Work instruction: Reproduce exactly, from the data that follows, the line with "define c where", the line with "sum.distrib sum_subtractf inner_sum_left", and every line that lies between them.

Data for the task:
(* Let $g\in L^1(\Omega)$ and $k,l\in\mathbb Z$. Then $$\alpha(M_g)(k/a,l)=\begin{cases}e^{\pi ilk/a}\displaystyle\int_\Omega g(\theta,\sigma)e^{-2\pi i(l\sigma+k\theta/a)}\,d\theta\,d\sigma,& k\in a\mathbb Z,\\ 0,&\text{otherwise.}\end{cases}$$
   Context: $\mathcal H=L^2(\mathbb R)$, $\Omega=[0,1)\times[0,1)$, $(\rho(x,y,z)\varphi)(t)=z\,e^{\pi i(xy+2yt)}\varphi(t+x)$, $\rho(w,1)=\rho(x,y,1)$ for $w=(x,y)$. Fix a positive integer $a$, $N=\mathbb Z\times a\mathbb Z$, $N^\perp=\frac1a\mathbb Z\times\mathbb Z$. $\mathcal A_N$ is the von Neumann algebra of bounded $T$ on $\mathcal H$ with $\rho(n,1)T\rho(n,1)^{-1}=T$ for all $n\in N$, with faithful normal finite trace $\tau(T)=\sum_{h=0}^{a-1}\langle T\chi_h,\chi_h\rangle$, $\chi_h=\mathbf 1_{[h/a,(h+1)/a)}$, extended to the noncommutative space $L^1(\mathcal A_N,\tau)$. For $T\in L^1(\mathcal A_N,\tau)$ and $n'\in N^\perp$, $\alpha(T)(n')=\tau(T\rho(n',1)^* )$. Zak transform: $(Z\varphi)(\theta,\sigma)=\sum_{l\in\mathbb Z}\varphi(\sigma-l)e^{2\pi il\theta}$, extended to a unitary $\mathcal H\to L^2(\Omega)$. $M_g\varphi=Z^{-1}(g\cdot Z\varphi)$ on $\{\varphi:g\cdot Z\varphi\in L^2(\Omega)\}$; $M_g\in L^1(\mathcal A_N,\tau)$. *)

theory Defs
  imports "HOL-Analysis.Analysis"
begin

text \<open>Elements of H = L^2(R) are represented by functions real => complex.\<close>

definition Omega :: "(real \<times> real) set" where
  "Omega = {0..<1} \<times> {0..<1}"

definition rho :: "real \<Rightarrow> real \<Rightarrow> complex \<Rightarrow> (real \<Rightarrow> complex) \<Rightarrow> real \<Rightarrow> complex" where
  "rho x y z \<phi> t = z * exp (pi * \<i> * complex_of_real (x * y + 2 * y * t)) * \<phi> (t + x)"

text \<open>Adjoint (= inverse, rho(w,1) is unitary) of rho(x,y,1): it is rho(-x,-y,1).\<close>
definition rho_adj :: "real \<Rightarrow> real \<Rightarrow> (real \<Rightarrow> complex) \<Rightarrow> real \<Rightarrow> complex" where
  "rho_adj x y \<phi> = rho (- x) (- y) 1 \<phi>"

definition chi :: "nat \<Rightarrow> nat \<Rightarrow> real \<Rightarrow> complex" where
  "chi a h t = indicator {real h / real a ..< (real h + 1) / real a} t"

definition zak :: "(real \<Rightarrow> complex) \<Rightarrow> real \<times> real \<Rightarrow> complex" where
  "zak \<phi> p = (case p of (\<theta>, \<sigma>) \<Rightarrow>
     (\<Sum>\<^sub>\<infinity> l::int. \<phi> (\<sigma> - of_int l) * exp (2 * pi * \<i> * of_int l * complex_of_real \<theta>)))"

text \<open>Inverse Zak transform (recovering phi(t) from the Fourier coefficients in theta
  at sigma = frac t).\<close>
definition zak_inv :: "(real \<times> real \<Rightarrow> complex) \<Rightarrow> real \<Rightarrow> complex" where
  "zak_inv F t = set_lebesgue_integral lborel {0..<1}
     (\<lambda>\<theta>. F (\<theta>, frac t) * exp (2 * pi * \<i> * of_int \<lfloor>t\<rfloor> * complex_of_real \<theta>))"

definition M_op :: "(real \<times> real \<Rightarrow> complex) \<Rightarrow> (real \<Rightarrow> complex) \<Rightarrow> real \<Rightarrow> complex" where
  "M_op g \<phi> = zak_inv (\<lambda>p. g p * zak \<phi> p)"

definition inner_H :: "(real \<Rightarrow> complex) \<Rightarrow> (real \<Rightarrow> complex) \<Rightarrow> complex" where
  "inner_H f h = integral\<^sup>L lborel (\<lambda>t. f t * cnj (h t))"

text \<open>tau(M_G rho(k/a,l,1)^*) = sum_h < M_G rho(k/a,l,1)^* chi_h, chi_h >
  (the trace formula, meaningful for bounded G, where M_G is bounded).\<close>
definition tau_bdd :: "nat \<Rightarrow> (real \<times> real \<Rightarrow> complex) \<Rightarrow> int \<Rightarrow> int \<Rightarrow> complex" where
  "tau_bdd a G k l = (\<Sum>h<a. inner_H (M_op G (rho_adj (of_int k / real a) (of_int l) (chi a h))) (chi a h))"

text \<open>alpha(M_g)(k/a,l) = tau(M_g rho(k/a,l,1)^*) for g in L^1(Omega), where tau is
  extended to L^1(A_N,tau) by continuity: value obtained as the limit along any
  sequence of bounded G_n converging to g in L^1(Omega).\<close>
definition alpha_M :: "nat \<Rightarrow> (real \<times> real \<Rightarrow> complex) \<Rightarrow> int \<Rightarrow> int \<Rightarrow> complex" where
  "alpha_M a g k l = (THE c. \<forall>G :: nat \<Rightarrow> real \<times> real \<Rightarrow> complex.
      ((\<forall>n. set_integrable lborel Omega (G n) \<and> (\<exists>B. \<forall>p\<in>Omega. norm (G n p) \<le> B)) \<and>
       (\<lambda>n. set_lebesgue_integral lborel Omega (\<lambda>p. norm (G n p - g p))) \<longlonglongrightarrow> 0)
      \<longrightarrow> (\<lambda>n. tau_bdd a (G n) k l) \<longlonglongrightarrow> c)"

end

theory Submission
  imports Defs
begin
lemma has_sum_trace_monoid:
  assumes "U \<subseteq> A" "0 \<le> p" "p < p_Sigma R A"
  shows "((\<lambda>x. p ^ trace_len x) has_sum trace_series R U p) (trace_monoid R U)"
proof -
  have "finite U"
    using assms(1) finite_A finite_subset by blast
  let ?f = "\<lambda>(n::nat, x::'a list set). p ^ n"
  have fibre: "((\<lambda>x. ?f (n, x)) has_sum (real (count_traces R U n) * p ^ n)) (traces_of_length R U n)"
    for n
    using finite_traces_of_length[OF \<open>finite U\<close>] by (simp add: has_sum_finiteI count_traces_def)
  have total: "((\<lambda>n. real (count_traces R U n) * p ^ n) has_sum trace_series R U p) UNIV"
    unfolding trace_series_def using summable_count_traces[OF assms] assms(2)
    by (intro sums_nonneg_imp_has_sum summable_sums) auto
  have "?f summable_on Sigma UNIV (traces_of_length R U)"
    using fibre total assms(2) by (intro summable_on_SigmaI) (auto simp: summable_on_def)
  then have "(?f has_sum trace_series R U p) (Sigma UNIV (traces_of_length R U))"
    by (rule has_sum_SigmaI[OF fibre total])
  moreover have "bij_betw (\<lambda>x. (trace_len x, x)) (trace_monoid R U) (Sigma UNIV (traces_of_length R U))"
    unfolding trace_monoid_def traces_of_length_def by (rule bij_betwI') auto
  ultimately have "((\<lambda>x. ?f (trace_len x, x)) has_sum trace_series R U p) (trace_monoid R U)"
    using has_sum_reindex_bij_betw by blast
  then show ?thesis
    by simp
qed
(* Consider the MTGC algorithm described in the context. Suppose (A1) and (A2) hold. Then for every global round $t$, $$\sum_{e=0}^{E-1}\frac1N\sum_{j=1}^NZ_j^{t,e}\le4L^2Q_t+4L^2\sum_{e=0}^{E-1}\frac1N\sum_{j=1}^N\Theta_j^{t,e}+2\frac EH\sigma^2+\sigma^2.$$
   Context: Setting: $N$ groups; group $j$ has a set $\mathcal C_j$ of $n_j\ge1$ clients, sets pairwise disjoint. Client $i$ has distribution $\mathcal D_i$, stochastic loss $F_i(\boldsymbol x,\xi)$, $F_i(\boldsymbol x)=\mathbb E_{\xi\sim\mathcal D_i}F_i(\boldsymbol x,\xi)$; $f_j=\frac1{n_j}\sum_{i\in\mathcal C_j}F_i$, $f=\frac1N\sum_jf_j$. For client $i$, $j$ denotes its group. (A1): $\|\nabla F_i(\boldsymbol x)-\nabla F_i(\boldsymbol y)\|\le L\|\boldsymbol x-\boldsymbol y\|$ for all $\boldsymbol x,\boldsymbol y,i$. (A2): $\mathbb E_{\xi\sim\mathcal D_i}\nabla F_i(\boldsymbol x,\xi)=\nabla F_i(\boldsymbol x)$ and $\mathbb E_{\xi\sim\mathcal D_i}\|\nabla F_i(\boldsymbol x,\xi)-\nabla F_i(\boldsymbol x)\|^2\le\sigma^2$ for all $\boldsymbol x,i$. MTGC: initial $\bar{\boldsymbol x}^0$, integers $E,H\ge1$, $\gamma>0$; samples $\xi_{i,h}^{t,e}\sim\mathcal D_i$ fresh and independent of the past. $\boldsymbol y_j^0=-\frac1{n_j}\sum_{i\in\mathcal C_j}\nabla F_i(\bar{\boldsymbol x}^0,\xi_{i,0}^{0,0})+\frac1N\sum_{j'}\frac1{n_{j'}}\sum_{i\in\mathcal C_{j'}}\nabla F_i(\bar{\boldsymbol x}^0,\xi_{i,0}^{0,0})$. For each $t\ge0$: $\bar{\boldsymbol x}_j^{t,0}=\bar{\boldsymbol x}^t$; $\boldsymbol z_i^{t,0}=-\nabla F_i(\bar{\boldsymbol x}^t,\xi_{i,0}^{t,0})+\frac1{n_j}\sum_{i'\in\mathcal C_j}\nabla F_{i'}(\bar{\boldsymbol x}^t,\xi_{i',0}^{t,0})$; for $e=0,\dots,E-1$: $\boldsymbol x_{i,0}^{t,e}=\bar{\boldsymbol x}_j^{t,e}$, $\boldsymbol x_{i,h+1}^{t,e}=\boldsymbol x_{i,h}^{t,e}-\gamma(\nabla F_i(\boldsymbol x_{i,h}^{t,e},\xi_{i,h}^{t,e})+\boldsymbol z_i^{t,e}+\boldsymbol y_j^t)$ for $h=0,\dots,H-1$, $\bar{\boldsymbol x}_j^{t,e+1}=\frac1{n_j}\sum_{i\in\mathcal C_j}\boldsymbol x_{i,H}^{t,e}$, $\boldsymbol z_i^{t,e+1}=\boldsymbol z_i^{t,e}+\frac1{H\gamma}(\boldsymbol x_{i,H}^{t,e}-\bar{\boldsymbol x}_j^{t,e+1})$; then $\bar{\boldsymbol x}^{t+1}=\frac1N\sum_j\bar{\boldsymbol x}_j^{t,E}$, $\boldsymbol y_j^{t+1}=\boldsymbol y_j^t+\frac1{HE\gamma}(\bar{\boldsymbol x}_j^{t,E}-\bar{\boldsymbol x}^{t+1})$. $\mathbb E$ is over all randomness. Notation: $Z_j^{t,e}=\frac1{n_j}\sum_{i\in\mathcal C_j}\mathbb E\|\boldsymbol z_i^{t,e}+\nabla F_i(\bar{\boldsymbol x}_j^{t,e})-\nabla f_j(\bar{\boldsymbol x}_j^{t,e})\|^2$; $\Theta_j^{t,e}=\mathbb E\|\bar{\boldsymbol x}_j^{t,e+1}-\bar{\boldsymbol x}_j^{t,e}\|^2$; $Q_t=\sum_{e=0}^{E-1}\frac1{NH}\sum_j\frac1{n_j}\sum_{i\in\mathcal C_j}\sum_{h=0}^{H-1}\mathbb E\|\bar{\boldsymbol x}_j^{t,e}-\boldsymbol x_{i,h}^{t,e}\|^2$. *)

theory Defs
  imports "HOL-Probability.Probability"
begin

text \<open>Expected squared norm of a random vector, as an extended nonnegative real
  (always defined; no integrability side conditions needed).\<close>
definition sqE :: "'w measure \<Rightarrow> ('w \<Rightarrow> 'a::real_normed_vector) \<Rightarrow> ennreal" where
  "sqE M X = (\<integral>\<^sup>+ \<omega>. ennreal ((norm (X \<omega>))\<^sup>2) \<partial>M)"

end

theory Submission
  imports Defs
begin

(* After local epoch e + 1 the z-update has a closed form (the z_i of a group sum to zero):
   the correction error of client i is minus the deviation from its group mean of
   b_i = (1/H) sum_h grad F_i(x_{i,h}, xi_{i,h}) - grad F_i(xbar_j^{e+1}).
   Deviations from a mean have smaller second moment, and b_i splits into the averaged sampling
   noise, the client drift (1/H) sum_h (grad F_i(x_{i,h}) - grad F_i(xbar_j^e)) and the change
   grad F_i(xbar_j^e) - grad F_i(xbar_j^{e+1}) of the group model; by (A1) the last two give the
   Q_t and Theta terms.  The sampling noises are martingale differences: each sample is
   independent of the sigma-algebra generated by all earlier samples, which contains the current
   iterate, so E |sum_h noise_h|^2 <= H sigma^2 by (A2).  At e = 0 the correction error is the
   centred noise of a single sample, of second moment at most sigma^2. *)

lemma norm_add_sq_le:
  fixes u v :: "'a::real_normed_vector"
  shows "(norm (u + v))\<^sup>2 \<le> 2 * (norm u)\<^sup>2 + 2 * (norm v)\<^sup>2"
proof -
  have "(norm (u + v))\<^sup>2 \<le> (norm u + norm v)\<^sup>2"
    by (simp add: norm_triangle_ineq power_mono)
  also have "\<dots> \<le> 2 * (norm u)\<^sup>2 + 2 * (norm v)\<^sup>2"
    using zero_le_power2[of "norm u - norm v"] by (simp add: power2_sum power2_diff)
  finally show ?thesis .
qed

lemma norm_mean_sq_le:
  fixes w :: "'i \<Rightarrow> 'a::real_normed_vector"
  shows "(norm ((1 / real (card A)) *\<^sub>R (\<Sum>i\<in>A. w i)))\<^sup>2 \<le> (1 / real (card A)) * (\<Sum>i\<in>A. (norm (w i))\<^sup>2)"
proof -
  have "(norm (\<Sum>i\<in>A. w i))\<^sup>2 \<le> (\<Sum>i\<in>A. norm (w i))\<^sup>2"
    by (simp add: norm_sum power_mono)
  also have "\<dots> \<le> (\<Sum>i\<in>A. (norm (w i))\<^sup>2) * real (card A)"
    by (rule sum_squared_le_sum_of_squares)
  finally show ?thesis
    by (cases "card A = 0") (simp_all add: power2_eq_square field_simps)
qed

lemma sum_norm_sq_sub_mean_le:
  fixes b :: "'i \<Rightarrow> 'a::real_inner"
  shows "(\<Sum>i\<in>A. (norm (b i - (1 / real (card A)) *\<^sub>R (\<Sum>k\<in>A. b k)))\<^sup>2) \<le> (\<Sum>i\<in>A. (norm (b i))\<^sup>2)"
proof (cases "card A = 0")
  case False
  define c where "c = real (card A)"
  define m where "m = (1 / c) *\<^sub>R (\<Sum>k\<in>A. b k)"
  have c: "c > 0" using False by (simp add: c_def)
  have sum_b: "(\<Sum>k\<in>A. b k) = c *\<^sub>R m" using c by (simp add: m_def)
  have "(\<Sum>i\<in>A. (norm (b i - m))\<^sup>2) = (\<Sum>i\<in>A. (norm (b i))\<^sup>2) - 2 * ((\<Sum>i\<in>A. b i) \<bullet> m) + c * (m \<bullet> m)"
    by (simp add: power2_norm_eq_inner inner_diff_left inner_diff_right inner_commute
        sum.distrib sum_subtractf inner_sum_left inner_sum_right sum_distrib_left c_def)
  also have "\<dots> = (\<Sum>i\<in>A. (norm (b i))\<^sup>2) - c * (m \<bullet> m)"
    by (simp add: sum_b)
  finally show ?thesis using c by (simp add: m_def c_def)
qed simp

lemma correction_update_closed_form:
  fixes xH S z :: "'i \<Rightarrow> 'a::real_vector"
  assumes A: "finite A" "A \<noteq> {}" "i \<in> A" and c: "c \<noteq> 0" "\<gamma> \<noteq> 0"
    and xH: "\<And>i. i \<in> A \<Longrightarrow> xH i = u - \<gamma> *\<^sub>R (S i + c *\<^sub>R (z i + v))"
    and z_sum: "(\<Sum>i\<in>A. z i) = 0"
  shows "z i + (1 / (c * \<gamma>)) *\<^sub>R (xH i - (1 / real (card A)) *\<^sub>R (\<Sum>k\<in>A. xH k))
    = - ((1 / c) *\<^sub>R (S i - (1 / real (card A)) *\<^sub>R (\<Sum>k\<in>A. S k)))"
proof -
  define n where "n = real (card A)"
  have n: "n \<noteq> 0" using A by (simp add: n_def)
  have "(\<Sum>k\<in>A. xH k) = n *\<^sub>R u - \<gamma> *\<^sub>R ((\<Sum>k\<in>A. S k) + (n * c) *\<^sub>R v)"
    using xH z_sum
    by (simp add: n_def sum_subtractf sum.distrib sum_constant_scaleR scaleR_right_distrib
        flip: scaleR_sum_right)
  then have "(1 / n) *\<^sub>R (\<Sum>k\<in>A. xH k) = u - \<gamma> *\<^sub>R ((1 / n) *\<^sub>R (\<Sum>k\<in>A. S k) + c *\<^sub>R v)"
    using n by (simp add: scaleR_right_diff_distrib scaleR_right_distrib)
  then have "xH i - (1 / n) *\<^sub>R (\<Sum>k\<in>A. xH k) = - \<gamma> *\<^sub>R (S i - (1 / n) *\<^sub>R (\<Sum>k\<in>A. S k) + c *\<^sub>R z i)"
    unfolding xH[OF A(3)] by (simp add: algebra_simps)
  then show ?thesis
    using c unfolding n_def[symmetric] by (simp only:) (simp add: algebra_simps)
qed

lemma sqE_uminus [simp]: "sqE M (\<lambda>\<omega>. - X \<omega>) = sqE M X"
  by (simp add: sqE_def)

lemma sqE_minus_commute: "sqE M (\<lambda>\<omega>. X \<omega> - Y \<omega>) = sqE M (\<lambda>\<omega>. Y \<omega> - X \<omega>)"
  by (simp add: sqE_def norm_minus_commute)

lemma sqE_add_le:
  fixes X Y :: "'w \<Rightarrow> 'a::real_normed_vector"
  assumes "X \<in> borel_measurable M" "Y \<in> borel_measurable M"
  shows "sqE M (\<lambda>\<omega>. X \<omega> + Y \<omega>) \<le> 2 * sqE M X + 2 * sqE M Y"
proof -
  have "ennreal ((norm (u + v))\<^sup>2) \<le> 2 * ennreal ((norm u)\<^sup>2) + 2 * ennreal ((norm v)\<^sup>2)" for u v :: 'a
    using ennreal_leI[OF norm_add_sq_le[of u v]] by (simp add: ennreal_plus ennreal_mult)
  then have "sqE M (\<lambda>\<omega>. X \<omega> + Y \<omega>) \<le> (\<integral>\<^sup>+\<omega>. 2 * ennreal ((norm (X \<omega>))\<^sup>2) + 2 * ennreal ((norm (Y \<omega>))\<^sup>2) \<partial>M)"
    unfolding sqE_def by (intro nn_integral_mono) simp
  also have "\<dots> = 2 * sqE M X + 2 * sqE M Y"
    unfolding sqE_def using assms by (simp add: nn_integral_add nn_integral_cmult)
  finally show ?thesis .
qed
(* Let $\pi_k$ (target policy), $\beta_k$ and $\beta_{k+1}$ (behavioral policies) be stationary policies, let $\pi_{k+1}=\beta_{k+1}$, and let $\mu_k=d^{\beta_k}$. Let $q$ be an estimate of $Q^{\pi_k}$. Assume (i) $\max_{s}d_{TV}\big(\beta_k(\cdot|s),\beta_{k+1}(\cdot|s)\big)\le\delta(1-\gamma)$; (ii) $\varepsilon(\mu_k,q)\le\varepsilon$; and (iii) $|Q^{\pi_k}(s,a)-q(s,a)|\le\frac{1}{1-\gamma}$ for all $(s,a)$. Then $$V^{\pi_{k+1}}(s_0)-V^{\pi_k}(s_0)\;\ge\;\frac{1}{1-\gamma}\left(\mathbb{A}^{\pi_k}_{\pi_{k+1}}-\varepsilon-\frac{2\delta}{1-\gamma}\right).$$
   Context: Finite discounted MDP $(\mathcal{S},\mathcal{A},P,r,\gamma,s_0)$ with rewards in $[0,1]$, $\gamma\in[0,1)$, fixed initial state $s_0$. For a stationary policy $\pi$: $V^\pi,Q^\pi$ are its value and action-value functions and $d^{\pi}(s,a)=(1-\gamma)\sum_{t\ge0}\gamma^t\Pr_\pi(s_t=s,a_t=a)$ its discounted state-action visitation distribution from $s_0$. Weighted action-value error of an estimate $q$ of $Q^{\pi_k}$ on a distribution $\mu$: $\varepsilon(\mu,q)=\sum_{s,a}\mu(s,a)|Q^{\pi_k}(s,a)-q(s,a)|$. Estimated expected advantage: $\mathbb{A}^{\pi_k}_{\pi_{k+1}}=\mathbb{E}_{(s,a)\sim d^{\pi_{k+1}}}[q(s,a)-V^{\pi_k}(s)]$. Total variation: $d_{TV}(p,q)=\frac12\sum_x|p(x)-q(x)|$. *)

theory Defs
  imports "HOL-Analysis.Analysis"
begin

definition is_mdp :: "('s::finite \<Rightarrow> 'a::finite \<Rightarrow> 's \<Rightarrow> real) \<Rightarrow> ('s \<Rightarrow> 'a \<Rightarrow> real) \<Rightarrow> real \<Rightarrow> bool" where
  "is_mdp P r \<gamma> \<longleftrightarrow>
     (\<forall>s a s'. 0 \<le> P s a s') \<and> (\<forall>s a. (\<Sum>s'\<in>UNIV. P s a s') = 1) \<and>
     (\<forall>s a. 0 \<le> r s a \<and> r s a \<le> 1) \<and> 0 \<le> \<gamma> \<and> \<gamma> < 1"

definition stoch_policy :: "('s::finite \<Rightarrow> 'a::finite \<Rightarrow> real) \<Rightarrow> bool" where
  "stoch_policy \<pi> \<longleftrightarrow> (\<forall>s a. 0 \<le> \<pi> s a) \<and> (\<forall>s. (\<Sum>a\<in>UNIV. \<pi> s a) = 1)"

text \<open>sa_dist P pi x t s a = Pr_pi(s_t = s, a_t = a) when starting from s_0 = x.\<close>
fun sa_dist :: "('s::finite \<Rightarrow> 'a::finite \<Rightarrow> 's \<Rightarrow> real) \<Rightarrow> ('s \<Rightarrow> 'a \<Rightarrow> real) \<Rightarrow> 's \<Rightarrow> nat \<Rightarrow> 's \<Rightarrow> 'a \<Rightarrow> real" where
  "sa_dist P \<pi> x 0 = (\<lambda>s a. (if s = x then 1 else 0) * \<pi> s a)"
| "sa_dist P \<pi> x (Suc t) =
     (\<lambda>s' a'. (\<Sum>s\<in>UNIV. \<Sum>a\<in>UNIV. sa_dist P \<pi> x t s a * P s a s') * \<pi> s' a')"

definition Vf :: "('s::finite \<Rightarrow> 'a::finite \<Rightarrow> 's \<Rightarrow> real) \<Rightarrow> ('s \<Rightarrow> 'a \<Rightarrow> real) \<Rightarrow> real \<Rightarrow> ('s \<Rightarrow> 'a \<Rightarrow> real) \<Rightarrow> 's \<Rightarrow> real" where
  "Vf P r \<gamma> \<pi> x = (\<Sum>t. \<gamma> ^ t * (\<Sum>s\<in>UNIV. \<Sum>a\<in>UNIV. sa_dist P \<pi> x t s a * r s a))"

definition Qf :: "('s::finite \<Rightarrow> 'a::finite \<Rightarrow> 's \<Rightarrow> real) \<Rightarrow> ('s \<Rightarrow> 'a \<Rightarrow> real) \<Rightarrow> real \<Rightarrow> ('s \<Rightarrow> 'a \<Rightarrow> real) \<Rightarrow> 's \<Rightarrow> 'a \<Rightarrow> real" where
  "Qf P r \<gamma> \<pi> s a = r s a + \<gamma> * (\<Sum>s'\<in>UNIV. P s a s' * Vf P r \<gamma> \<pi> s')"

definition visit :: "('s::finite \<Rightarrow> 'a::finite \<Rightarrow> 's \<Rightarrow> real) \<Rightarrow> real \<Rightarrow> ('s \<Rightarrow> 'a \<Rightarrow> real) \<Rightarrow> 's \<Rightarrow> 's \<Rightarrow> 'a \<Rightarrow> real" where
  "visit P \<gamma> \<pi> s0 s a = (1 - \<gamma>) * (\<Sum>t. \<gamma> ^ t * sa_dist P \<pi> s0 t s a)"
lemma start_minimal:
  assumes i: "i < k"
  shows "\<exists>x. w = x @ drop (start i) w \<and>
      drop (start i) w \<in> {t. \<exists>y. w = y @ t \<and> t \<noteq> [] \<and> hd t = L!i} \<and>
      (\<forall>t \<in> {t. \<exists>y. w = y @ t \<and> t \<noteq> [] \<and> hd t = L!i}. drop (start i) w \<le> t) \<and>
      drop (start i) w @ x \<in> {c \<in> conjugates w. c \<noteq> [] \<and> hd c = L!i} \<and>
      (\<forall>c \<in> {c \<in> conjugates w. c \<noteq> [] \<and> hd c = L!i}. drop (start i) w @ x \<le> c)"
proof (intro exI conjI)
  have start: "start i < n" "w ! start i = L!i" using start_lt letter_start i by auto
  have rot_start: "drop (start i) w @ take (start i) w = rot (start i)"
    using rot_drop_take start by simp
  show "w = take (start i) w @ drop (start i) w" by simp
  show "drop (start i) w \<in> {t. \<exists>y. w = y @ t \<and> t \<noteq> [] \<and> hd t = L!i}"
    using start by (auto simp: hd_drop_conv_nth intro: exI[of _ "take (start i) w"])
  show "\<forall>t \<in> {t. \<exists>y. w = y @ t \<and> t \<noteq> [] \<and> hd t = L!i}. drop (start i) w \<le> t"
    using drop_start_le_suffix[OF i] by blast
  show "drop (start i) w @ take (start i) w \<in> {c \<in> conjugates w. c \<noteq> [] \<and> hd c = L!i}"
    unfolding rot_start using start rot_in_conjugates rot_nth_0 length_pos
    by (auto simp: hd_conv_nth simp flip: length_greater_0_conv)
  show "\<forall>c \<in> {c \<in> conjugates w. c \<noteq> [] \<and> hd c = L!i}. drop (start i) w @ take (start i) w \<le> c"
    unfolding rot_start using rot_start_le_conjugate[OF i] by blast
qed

Exercise solution:
  define c where "c = real (card A)"
  define m where "m = (1 / c) *\<^sub>R (\<Sum>k\<in>A. b k)"
  have c: "c > 0" using False by (simp add: c_def)
  have sum_b: "(\<Sum>k\<in>A. b k) = c *\<^sub>R m" using c by (simp add: m_def)
  have "(\<Sum>i\<in>A. (norm (b i - m))\<^sup>2) = (\<Sum>i\<in>A. (norm (b i))\<^sup>2) - 2 * ((\<Sum>i\<in>A. b i) \<bullet> m) + c * (m \<bullet> m)"
    by (simp add: power2_norm_eq_inner inner_diff_left inner_diff_right inner_commute
        sum.distrib sum_subtractf inner_sum_left inner_sum_right sum_distrib_left c_def)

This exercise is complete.